[Listed entries]
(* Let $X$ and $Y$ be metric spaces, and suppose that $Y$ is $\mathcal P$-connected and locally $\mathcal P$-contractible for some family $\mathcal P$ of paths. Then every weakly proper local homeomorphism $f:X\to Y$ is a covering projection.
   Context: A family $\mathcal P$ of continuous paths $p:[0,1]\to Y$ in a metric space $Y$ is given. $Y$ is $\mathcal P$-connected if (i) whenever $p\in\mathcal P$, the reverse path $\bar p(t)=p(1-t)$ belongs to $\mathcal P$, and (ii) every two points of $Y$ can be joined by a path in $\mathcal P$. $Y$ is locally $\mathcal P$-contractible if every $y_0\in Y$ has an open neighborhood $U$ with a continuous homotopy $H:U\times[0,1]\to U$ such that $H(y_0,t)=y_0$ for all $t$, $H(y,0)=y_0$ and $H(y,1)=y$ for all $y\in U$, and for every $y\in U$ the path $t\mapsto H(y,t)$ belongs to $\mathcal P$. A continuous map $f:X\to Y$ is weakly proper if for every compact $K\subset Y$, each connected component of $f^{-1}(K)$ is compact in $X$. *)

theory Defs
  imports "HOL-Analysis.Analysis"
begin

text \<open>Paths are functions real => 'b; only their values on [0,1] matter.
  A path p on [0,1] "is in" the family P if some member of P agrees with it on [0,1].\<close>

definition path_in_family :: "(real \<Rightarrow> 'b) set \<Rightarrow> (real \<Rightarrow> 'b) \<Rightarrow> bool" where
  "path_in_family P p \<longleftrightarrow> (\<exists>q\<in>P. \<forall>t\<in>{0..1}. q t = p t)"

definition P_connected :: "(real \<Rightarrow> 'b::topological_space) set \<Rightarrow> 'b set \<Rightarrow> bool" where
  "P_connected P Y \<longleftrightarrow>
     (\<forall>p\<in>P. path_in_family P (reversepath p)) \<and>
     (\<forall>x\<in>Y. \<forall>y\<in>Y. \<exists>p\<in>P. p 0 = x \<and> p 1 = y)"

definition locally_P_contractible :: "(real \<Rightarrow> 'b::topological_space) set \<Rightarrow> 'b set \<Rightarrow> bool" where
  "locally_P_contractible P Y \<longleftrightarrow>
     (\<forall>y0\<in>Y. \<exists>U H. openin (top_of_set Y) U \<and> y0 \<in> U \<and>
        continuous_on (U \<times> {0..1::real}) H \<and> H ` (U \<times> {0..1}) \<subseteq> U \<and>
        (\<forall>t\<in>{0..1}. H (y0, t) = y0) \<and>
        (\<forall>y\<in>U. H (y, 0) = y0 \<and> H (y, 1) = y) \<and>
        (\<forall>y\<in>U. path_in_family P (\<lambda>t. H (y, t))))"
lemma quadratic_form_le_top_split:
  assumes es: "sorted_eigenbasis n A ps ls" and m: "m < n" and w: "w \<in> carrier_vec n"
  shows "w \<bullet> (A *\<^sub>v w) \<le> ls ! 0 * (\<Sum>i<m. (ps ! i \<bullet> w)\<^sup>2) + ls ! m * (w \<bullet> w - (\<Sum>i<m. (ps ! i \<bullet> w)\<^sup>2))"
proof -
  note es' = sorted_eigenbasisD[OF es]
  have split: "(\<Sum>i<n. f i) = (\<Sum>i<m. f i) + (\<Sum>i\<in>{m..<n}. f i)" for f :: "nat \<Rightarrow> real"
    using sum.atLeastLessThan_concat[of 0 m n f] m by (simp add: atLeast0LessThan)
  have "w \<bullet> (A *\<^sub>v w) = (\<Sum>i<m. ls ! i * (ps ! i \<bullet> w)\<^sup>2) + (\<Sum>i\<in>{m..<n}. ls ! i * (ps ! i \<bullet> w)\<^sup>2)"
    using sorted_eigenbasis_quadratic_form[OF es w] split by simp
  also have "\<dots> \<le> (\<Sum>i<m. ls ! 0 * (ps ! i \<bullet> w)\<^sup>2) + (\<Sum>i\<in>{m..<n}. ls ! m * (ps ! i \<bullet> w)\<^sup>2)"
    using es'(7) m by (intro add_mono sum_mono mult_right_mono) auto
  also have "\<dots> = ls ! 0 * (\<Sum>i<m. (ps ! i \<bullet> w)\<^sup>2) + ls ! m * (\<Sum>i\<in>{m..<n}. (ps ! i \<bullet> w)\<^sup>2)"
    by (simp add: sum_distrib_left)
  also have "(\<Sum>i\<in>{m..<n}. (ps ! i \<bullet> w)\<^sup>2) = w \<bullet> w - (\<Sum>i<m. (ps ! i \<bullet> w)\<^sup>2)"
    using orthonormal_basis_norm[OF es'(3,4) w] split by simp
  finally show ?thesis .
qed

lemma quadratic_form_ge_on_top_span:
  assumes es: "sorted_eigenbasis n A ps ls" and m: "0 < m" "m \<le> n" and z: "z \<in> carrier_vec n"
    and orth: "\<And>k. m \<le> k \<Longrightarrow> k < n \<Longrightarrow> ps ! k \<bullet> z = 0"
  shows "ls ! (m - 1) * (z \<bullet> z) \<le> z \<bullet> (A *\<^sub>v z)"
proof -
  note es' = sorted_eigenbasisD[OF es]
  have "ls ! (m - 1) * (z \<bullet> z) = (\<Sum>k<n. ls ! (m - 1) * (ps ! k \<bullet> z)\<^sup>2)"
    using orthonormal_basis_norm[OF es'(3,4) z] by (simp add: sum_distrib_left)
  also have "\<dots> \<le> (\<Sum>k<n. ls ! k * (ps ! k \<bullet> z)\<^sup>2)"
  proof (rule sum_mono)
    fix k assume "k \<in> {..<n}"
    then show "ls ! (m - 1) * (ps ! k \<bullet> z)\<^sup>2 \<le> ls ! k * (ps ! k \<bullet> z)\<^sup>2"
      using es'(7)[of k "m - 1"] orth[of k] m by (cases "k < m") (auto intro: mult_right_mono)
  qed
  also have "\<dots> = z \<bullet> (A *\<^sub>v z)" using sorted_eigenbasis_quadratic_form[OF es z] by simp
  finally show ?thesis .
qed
[/Listed entries]
Your goal: Starting at the line that contains "(\<Sum>k<n. ls ! k", write out every line through the end of the entries, exactly and with nothing added.

Exercise output:
  also have "\<dots> \<le> (\<Sum>k<n. ls ! k * (ps ! k \<bullet> z)\<^sup>2)"
  proof (rule sum_mono)
    fix k assume "k \<in> {..<n}"
    then show "ls ! (m - 1) * (ps ! k \<bullet> z)\<^sup>2 \<le> ls ! k * (ps ! k \<bullet> z)\<^sup>2"
      using es'(7)[of k "m - 1"] orth[of k] m by (cases "k < m") (auto intro: mult_right_mono)
  qed
  also have "\<dots> = z \<bullet> (A *\<^sub>v z)" using sorted_eigenbasis_quadratic_form[OF es z] by simp
  finally show ?thesis .
qed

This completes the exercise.